This notation allows us to express constraints on the districts efficiently. For example, contiguity can be enforced by requiring that the induced subgraph on each $V_i$ is connected. The cut edge count used here as a measure of compactness is written $|\partial P|$. A condition that bounds population deviation can be written as

$(1-\varepsilon) \frac{\sum_V w(v) }{k}
\leq |V_i| \leq (1+\varepsilon)\frac{\sum_V w(v) }{k}.$

For a given analysis or experiment, once the constraints have been set and fixed, we will make use of a function $C:\mathcal{P}_k(G)\mapsto \{\texttt{True}, \texttt{False}\}$ to denote the validity check. This avoids cumbersome notation to make explicit all of the individual constraints.

Next, we set out proposal methods for comparison, that is, procedures for transitioning between states of $\mathcal P_k(G)$ according to a probabilistic rule. Formally, each $X_P$ is a $[0,1]^{ \mathcal{P}_k(G)}$-valued random variable with coordinates summing to one, describing the transition probabilities. Since $\mathcal P_k(G)$ is a gigantic but finite state space, the proposal distribution can be viewed as a stochastic matrix with rows and columns indexed by the states $P$, such that the $(P,Q)$ entry $X_P(Q)$ is the probability of transitioning from $P$ to $Q$ in a single move.

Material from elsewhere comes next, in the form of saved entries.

theorem theorem4p5:
  fixes s0 :: real and \<S> :: "traj set"
  assumes "trajectory_set s0 \<S>" and "LOP \<S>" and "condK \<S>"
  shows "\<not> (\<exists>P. arbitrage_null \<S> P)"
proof
  assume "\<exists>P. arbitrage_null \<S> P"
  then obtain P where P: "gen_portfolio \<S> P" and endow_0: "gen_endowment P = 0"
    and null: "null_set \<S> {S \<in> \<S>. gen_wealth P S < 0}"
    and not_null: "\<not> null_set \<S> {S \<in> \<S>. gen_wealth P S > 0}"
    unfolding arbitrage_null_def by blast
  define g where "g n S = ereal (max 0 (real n * twealth (partial_portfolio P n) S))" for n S
  have "null_set \<S> {S \<in> \<S>. gen_wealth P S > 0}"
  proof (rule null_setI_countable_cover)
    show "\<S> \<noteq> {}"
      using null by (rule null_set_nonempty_trajectories)
    show "barI \<S> (g n) \<le> 0" for n
      unfolding g_def using assms(3) P endow_0 null by (rule barI_pos_part_partial_portfolio_le_0) simp
    show "\<exists>n. 1 \<le> g n S" if "S \<in> {S \<in> \<S>. 0 < gen_wealth P S}" for S
    proof -
      have "0 \<le> twealth (P (Suc m)) S" for m
        using that gen_portfolio_positive[OF P] by (simp add: positive_portfolio_def)
      moreover have "0 < gen_wealth P S"
        using that by simp
      ultimately obtain n where "1 \<le> real n * twealth (partial_portfolio P n) S"
        by (rule gen_wealth_pos_imp_partial_portfolio)
      then have "1 \<le> g n S"
        by (simp add: g_def le_max_iff_disj)
      then show ?thesis ..
    qed
  qed (auto simp: g_def le_max_iff_disj)
  with not_null show False ..
qed
text \<open>
  Eliminating \<open>X 0, \<dots>, X (j - 1)\<close> from the triangular system of Cauchy products:
  \<open>Y 0 ^ j\<close> times the \<open>j\<close>-th product equals \<open>X j * Y 0 ^ Suc j\<close> plus multiples of the
  elements \<open>X a * Y 0 ^ Suc a\<close>, \<open>a < j\<close>, which lie in the ideal by induction.
\<close>

lemma Cauchy_product_elimination:
  fixes X Y :: "nat \<Rightarrow> 'a::comm_ring_1"
  assumes P: "is_subring P" and Y: "\<And>a. a \<le> s \<Longrightarrow> Y a \<in> P"
    and Cauchy: "\<And>l. l \<le> s \<Longrightarrow> (\<Sum>a\<le>l. X a * Y (l - a)) \<in> ideal_in P B"
    and "j \<le> s"
  shows "X j * Y 0 ^ Suc j \<in> ideal_in P B"
  using \<open>j \<le> s\<close>
proof (induction j rule: less_induct)
  case (less j)
  have Y0: "Y 0 \<in> P" using Y by simp
  define c where "c a = Y (j - a) * Y 0 ^ (j - a - 1)" for a
  have "Y 0 ^ j * (X a * Y (j - a)) = c a * (X a * Y 0 ^ Suc a)" if "a < j" for a
  proof -
    have "Y 0 ^ j = Y 0 ^ (j - a - 1) * Y 0 ^ Suc a"
      by (subst power_add[symmetric]) (use that in simp)
    then show ?thesis by (simp add: c_def mult_ac)
  qed
  then have "Y 0 ^ j * (\<Sum>a<j. X a * Y (j - a)) = (\<Sum>a<j. c a * (X a * Y 0 ^ Suc a))"
    by (simp add: sum_distrib_left)
  moreover have "(\<Sum>a\<le>j. X a * Y (j - a)) = X j * Y 0 + (\<Sum>a<j. X a * Y (j - a))"
    by (simp add: lessThan_Suc_atMost[symmetric])
  ultimately have "X j * Y 0 ^ Suc j
      = Y 0 ^ j * (\<Sum>a\<le>j. X a * Y (j - a)) - (\<Sum>a<j. c a * (X a * Y 0 ^ Suc a))"
    by (simp add: algebra_simps)
  moreover have "Y 0 ^ j * (\<Sum>a\<le>j. X a * Y (j - a)) \<in> ideal_in P B"
    using less.prems by (intro ideal_in_mult[OF P] Cauchy subring_power[OF P Y0])
  moreover have "(\<Sum>a<j. c a * (X a * Y 0 ^ Suc a)) \<in> ideal_in P B"
  proof (rule ideal_in_sum[OF P])
    fix a assume "a \<in> {..<j}"
    then have a: "a < j" by simp
    have "X a * Y 0 ^ Suc a \<in> ideal_in P B"
      using less.IH[OF a] less.prems a by simp
    moreover have "c a \<in> P"
      unfolding c_def using less.prems by (intro subring_mult[OF P] subring_power[OF P Y0] Y) simp
    ultimately show "c a * (X a * Y 0 ^ Suc a) \<in> ideal_in P B"
      by (rule ideal_in_mult[OF P])
  qed
  ultimately show ?case
    by (simp add: ideal_in_diff[OF P])
qed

The resulting process is a Markov chain: each successive state is drawn according to $X_P$, where $P$ is the current state. Since these matrices are too large to build, we may prefer to think of the proposal distribution as a stochastic algorithm for modifying the assignment of some subset of $V$. This latter perspective does not require computing transition probabilities explicitly, but rather leaves them implicit in the algorithm.

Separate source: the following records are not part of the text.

lemma ser_mult_vx_pow:
  assumes P: "\<forall>a. P a \<noteq> 0 \<longrightarrow> lookup a v11 = 0"
  shows "ser_mult P (vx_pow i) \<mu> = P (drop_v11 \<mu>) * (of_int i gchoose lookup \<mu> v11)"
proof -
  let ?p0 = "(drop_v11 \<mu>, Poly_Mapping.single v11 (lookup \<mu> v11))"
  have "ser_mult P (vx_pow i) \<mu> = (\<lambda>p. P (fst p) * vx_pow i (snd p)) ?p0"
    unfolding ser_mult_eq_sum
  proof (rule sum_eq_single[OF finite_splittings])
    show "?p0 \<in> splittings \<mu>" using drop_v11_add by (simp add: splittings_def)
    show "\<forall>p\<in>splittings \<mu>. p \<noteq> ?p0 \<longrightarrow> P (fst p) * vx_pow i (snd p) = 0"
    proof (intro ballI impI)
      fix p assume p: "p \<in> splittings \<mu>" and ne: "p \<noteq> ?p0"
      obtain a b where ab: "p = (a, b)" by (cases p)
      have s: "a + b = \<mu>" using p ab by (simp add: splittings_def)
      show "P (fst p) * vx_pow i (snd p) = 0"
      proof (rule ccontr)
        assume nz: "P (fst p) * vx_pow i (snd p) \<noteq> 0"
        hence Pa: "P a \<noteq> 0" and vb: "vx_pow i b \<noteq> 0" using ab by auto
        have la: "lookup a v11 = 0" using P Pa by blast
        have kb: "keys b \<subseteq> {v11}" using vb by (simp add: vx_pow_def split: if_splits)
        have bl: "lookup b v11 = lookup \<mu> v11" using s la by auto
        have b: "b = Poly_Mapping.single v11 (lookup \<mu> v11)"
        proof (rule poly_mapping_eqI)
          fix y show "lookup b y = lookup (Poly_Mapping.single v11 (lookup \<mu> v11)) y"
            using kb bl by (cases "y = v11") (auto simp: lookup_single_if in_keys_iff)
        qed
        have "a = drop_v11 \<mu>"
        proof (rule poly_mapping_eqI)
          fix y
          have "lookup \<mu> y = lookup a y + lookup b y" using s by auto
          thus "lookup a y = lookup (drop_v11 \<mu>) y"
            using b la by (cases "y = v11") (auto simp: drop_v11_def lookup_single_if)
        qed
        thus False using ne ab b by simp
      qed
    qed
  qed
  thus ?thesis using vx_pow_single[of i "lookup \<mu> v11"] by simp
qed

section \<open>Derivations\<close>

lemma ser_pd_apply: "ser_pd p g \<nu> = of_nat (lookup \<nu> p + 1) * g (\<nu> + mon_var p)"
  by (simp add: ser_pd_def)

lemma ser_pd_lincomb: "ser_pd p (\<lambda>\<nu>. a * f \<nu> + b * g \<nu>) = (\<lambda>\<mu>. a * ser_pd p f \<mu> + b * ser_pd p g \<mu>)"
  by (rule ext) (simp add: ser_pd_apply algebra_simps)

lemma ser_pd_one: "ser_pd p ser_one = (\<lambda>_. 0)"
  by (rule ext) (simp add: ser_pd_apply ser_one_def)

In this section, we introduce the main $\mathop{\sf Flip}$ and $\mathop{\sf ReCom}$ proposals analyzed in the paper and describe some of their qualitative properties, with particular attention to the spanning tree method.

At its simplest, a $\mathop{\sf Flip}$ proposal changes the assignment of a single node at each step in the chain in a manner that preserves the contiguity of the plan. See Figure 4 for a sequence of steps in this type of Markov chain and a randomly generated 2–partition of a $50\times 50$ grid, representative of the types of partitions generated by $\mathop{\sf Flip}$ and its variants. This procedure provides a convenient vehicle for exploring the complexity of the partition-sampling problem.

To implement $\mathop{\sf Flip}$, we must decide how to select a node whose assignment will change, for which we define an intermediate process called $\mathop{\sf Node Choice}$. To ensure contiguity, it is intuitive to begin by choosing a vertex of $\partial_V P$ or an edge of $\partial P$, but because degrees vary, this can introduce nonuniformity to the process. To construct a *reversible* flip chain we follow Chikina et al. (2017) and instead sample uniformly from the set of (node, district) pairs $(u,V_i)$ where $u\in \partial_V P$ and there exists a cut edge $(u,v)\in \partial P$ with $P(v) = V_i$. This procedure amounts to making a uniform choice among the partitions that differ only by the assignment of a single boundary node. Pseudocode for this method is presented in Algorithm 1. The associated Markov chain has transition probabilities given by

$X_P(Q) = \begin{cases}\frac1{|\{(v,P(w)):(v,w)\in \partial P \}|}& \small{|\{P(u) \neq Q(u): u\in \partial P \}|=1\ \textrm{and}\ |\{P(u) \neq Q(u): u\notin \partial P \}|=0};\\ 0&\textrm{otherwise}. \end{cases}$

This can be interpreted as a simple random walk on $\mathcal{P}_k(G)$ where two partitions are connected if they differ at a single boundary node. Thus, the Markov chain is reversible. Its stationary distribution is nonuniform, since each plan is weighted proportionally to the number of (node, district) pairs in its boundary. Evaluating this steady state is further complicated by the fact that each of these potential neighbors may fail constraint checks governed by $\theta$.

At each step, the $\mathop{\sf Node Choice}$ algorithm grows one district by a node and shrinks another. One can quickly verify that a $\mathop{\sf Node Choice}$ step maintains contiguity in the district that grows but may break contiguity in the district that shrinks. In fact, after many steps it is likely to produce a plan with no contiguous districts at all. To address this, we adopt a rejection sampling approach, only accepting contiguous proposals. This produces our basic $\mathop{\sf Flip}$ chain (see Algorithm 2 for pseudocode and Figures 1 and 4 for visuals). The rejection setup does not break reversibility of the associated Markov chain, since it now amounts to a simple random walk on the restricted state space.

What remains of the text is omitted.